Among the records, find the lines that hold the string "linarith" and return them.
==== Records to process ====
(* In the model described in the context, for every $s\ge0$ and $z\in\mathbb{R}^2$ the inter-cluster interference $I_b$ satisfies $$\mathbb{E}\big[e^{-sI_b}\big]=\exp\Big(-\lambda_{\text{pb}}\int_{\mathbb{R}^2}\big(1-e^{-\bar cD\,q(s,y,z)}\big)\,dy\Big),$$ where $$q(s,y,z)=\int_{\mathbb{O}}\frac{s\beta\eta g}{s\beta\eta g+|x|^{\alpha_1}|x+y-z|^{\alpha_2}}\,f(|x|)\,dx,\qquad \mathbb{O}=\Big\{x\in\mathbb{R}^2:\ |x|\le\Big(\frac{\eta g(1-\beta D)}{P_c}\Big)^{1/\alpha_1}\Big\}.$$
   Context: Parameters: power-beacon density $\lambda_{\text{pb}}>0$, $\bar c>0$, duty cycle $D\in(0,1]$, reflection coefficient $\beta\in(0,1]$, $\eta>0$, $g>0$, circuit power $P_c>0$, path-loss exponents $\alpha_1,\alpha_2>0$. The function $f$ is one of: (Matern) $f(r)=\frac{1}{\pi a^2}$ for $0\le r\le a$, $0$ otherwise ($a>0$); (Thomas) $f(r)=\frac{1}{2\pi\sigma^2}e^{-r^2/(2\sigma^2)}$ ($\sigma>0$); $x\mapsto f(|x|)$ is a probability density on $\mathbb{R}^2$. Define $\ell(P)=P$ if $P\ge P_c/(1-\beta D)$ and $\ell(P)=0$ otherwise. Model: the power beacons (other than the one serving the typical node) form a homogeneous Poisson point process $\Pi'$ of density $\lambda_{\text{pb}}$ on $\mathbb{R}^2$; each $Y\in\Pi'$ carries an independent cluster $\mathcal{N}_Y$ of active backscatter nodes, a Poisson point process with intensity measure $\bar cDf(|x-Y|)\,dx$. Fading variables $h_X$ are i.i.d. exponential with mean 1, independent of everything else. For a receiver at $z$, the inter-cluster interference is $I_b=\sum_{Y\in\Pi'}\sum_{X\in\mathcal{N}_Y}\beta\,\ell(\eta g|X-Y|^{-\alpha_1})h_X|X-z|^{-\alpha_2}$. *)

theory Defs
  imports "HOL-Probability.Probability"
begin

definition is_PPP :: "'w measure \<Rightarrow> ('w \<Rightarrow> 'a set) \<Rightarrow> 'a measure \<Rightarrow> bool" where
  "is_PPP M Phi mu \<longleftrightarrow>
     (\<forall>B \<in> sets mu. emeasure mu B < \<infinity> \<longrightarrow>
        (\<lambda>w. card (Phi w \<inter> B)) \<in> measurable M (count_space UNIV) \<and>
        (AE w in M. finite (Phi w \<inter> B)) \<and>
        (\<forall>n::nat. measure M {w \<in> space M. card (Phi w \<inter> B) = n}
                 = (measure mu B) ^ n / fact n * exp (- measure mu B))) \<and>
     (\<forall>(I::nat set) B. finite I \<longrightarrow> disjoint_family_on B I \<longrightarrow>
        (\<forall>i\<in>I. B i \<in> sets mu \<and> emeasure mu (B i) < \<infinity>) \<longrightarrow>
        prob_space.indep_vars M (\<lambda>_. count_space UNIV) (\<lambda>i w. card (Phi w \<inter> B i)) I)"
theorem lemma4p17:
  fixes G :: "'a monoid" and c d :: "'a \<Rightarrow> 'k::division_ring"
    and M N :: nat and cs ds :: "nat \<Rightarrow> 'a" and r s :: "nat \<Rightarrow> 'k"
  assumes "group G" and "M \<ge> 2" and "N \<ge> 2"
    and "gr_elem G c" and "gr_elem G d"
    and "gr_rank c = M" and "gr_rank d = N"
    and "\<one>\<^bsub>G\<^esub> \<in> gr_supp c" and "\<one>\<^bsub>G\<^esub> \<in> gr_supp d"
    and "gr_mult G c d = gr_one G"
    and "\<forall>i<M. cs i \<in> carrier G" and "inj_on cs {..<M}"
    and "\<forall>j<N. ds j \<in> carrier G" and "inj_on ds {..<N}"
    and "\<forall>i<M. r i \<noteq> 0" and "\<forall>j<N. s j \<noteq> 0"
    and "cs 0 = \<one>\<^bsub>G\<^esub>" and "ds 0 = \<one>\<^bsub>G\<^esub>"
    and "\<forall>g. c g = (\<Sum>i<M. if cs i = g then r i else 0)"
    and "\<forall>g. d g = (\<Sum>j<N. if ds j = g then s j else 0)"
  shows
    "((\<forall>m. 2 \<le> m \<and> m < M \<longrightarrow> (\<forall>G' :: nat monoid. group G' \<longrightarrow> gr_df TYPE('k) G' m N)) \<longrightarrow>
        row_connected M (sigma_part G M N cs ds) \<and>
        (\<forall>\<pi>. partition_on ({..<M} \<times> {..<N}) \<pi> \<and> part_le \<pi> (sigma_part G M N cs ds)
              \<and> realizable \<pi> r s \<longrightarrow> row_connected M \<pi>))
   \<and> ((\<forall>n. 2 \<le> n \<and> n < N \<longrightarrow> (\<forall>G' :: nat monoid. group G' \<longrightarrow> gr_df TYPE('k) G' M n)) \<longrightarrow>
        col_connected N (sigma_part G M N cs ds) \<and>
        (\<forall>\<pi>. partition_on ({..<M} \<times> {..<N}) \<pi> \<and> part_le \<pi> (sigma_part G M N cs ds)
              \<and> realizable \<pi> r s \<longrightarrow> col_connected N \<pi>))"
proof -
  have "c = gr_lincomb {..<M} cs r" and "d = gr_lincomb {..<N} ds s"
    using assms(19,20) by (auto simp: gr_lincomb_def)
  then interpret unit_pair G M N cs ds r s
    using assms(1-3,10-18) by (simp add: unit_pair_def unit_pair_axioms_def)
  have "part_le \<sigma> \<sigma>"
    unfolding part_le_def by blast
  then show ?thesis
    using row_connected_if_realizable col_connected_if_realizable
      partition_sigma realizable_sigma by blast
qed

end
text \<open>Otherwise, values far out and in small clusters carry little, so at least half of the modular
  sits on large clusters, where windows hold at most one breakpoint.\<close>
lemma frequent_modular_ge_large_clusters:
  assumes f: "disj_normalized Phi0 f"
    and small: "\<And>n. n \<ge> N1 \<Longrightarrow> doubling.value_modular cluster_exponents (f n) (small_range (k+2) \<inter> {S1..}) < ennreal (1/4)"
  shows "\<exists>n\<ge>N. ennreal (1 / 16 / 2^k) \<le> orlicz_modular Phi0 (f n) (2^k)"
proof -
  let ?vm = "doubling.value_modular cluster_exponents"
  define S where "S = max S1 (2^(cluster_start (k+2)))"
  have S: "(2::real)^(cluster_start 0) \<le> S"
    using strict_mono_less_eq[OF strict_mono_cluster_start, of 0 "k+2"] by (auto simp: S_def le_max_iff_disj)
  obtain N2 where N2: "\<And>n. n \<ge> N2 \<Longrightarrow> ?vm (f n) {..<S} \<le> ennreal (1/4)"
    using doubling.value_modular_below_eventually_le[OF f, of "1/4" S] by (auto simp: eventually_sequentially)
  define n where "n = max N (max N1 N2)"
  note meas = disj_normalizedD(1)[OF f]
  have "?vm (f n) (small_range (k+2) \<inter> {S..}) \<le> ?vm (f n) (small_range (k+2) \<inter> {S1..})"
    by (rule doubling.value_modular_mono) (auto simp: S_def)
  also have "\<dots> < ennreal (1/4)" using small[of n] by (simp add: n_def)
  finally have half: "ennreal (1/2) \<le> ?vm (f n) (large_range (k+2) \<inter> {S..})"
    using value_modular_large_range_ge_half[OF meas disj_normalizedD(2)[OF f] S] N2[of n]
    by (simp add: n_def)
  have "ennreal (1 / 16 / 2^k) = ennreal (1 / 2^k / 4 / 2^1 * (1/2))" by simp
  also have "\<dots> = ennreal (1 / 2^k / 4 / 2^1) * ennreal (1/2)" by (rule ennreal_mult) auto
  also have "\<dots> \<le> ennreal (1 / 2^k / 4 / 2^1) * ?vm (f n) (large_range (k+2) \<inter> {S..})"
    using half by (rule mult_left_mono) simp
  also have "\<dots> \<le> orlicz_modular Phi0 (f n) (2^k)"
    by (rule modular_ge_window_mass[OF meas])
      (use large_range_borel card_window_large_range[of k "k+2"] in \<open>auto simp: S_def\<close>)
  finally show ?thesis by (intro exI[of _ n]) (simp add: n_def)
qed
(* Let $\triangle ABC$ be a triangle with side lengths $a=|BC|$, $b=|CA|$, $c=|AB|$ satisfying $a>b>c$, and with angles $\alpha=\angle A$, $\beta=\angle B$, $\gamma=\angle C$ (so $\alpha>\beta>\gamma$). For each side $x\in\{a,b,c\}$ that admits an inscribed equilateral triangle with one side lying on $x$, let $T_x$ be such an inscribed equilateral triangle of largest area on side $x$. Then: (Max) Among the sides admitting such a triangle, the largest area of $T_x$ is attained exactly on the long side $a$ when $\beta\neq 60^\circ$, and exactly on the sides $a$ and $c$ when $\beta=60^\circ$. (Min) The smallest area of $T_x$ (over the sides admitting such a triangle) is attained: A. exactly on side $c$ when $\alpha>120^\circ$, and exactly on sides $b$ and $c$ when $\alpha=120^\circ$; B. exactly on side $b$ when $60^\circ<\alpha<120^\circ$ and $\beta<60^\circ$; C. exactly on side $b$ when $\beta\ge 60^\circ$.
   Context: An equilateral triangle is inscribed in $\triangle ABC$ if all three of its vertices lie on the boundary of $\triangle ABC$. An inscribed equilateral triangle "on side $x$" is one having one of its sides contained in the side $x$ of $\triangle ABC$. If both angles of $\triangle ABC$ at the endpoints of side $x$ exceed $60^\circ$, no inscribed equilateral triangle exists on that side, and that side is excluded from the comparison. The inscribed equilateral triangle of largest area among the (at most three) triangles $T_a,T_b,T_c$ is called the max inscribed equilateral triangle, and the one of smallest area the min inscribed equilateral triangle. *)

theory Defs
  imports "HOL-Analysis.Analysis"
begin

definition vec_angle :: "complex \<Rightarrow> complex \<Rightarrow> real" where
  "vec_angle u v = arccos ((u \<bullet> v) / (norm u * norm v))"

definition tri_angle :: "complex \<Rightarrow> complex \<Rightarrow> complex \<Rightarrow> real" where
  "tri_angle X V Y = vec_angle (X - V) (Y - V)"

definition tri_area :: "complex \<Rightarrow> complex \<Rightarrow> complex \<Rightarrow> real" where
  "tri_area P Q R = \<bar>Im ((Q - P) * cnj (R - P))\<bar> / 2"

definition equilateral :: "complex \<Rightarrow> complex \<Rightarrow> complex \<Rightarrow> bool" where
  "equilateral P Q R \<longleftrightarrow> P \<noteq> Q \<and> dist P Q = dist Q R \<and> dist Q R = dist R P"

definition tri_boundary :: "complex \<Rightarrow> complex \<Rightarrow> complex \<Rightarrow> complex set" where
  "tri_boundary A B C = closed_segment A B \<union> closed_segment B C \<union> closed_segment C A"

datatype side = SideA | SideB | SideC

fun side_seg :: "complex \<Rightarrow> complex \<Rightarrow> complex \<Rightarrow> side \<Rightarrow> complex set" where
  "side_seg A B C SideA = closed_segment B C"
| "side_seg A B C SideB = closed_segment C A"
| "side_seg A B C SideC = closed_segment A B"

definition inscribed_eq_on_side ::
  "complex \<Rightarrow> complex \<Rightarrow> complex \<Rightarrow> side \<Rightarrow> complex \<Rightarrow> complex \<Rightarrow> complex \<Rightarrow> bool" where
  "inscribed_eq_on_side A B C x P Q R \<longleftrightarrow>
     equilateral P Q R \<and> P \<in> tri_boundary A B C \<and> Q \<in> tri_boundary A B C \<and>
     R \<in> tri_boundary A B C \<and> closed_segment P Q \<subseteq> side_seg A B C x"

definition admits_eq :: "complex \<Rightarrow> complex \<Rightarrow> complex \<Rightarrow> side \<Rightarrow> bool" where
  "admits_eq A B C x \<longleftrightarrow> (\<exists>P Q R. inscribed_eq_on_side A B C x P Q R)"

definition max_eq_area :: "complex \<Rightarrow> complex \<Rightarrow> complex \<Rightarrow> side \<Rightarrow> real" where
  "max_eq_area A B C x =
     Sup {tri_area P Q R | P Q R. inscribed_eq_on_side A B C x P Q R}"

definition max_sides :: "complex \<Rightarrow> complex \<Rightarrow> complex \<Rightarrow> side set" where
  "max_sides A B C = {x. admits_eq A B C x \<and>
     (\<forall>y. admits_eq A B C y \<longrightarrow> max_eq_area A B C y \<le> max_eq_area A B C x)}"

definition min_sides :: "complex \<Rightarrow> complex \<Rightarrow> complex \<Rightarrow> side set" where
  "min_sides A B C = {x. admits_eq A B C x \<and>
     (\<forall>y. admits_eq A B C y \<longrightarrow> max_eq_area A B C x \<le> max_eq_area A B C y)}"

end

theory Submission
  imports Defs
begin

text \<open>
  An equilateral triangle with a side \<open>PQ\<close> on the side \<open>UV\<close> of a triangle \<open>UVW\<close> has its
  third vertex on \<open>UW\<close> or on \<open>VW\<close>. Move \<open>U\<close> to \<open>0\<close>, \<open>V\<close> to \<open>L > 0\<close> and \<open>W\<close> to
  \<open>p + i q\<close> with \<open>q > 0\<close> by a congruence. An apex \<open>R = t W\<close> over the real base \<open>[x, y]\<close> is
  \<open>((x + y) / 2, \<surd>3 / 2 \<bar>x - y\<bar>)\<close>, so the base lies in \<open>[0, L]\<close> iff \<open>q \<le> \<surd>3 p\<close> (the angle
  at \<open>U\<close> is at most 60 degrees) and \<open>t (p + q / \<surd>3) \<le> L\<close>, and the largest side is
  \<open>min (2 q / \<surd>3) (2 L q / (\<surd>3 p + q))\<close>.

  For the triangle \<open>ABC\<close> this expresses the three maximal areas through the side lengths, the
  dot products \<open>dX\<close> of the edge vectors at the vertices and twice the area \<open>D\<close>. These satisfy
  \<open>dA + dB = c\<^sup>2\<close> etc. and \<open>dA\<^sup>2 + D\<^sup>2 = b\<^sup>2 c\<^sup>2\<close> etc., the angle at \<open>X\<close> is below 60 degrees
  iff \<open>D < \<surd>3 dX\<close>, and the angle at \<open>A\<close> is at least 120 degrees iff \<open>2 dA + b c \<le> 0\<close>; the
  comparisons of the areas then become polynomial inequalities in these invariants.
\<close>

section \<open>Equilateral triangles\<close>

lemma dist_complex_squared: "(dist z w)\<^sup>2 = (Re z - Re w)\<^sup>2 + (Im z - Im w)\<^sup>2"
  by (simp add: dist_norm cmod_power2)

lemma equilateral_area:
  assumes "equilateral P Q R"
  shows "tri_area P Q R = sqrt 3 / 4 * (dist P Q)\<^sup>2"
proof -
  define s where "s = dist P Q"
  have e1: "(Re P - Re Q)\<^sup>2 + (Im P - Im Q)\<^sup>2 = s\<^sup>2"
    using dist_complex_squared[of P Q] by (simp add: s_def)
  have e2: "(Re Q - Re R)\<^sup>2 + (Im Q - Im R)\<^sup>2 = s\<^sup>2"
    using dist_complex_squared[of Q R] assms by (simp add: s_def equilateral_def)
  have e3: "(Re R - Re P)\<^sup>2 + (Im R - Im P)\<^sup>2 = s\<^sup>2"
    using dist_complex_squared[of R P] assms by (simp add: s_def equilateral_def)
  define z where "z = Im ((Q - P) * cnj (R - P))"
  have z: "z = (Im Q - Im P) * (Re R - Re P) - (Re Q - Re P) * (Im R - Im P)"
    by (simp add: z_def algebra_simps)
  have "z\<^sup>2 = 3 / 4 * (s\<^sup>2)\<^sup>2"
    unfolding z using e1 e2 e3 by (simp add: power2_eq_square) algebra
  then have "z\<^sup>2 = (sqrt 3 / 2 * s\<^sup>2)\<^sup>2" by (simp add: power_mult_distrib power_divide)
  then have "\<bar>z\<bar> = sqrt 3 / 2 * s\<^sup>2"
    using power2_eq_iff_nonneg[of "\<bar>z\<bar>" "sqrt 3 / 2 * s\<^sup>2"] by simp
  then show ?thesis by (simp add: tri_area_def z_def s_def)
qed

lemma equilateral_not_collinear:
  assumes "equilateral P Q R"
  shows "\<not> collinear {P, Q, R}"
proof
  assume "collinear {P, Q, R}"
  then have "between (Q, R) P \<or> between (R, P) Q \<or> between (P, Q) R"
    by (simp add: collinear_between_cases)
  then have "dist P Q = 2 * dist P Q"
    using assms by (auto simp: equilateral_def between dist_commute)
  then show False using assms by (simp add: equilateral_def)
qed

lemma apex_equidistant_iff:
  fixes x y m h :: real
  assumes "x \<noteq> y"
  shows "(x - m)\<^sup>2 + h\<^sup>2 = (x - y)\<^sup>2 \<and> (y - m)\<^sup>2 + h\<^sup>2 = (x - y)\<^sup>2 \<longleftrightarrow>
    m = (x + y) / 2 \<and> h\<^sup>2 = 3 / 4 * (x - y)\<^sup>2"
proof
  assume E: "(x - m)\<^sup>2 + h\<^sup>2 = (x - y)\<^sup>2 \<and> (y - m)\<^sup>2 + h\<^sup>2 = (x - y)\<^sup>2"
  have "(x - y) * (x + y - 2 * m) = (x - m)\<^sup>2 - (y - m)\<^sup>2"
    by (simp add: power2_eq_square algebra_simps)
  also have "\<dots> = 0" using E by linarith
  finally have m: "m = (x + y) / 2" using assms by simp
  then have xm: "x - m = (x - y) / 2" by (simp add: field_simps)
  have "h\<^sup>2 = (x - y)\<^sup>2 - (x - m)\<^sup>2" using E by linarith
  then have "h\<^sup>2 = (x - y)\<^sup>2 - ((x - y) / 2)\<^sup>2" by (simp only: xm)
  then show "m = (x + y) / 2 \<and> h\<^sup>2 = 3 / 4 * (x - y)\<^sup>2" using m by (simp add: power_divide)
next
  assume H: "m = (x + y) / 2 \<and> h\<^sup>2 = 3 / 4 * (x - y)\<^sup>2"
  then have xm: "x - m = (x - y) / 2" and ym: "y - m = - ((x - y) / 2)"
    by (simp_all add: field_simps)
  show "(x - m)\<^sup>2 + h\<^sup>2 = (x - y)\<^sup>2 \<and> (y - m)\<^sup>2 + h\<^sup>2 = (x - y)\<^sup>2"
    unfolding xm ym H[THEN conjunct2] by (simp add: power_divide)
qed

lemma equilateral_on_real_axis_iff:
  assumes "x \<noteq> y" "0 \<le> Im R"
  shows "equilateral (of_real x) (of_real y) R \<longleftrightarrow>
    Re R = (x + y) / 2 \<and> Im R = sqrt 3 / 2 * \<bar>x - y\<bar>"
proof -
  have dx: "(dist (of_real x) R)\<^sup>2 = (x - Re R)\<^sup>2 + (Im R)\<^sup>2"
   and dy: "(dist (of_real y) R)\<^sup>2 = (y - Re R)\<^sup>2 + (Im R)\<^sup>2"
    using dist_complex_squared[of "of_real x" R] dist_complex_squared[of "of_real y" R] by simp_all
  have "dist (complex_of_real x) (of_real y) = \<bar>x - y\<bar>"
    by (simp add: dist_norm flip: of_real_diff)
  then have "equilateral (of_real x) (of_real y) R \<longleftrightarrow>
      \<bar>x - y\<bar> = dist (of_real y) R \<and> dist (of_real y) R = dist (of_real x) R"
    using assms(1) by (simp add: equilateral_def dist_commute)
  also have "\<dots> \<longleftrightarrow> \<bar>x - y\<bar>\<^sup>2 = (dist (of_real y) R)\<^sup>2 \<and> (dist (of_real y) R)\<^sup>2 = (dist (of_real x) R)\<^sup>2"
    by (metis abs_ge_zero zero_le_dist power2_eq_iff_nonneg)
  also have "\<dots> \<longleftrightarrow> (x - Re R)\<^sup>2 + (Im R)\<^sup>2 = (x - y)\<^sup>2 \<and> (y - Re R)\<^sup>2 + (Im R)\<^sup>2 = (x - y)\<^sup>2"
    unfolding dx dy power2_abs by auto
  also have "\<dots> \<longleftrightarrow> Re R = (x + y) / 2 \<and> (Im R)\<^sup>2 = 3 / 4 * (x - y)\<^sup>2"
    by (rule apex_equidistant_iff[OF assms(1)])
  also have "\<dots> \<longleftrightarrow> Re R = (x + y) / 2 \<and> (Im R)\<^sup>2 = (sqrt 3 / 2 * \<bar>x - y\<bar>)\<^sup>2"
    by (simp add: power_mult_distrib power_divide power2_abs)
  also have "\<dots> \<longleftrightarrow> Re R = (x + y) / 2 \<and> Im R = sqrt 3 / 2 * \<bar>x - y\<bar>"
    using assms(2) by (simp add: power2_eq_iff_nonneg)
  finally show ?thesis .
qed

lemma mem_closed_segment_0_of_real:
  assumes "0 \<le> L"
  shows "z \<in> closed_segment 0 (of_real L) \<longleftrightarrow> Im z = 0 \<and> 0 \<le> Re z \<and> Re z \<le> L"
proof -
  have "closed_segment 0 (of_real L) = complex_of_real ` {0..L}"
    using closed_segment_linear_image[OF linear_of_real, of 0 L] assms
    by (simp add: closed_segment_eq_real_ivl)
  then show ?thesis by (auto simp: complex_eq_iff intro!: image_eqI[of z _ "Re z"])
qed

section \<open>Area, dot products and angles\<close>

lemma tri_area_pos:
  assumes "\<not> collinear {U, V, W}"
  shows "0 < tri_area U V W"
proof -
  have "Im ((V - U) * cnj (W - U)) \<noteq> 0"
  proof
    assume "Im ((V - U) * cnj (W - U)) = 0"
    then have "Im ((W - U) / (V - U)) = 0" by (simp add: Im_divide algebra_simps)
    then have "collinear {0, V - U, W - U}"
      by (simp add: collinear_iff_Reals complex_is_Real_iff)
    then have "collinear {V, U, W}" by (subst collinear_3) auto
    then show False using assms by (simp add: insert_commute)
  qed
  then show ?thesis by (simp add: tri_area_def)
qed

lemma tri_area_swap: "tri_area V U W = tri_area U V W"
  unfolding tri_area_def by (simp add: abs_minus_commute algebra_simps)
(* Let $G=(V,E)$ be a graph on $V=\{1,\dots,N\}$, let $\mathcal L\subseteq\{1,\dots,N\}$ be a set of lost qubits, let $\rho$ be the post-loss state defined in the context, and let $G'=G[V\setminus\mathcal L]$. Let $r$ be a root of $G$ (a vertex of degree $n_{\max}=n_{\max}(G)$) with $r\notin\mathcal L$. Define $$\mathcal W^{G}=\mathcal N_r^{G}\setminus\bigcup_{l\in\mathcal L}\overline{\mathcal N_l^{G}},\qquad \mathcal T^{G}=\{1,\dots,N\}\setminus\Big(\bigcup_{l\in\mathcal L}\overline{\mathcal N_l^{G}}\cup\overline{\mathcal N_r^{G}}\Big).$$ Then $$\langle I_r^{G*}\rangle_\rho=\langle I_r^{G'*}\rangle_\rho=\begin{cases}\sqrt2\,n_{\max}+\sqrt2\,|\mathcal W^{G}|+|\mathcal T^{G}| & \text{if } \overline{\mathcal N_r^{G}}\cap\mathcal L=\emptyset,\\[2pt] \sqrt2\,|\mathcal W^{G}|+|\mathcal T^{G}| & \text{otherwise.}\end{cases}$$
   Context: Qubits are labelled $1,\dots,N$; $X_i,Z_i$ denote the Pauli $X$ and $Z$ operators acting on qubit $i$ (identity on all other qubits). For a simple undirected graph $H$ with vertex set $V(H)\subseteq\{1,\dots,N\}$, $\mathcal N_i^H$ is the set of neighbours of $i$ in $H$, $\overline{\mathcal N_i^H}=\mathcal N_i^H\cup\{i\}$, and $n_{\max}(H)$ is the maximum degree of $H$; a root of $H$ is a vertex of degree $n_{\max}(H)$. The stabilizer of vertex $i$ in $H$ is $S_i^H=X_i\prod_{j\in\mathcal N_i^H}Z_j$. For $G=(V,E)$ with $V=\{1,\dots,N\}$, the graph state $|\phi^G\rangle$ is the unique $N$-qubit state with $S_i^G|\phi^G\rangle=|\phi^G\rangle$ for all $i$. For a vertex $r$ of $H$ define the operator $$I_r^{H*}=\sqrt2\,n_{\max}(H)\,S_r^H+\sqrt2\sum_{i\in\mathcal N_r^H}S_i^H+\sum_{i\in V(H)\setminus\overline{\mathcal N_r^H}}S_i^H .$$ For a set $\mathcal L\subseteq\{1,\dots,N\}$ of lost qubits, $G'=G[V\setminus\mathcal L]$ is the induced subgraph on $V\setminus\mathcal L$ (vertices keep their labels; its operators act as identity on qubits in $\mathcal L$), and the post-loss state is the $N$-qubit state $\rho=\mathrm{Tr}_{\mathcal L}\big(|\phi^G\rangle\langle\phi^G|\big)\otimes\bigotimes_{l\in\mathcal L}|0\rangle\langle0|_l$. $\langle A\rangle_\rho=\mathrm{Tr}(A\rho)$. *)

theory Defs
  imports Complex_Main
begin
====
▸ Task result
  also have "\<dots> = 0" using E by linarith
  have "h\<^sup>2 = (x - y)\<^sup>2 - (x - m)\<^sup>2" using E by linarith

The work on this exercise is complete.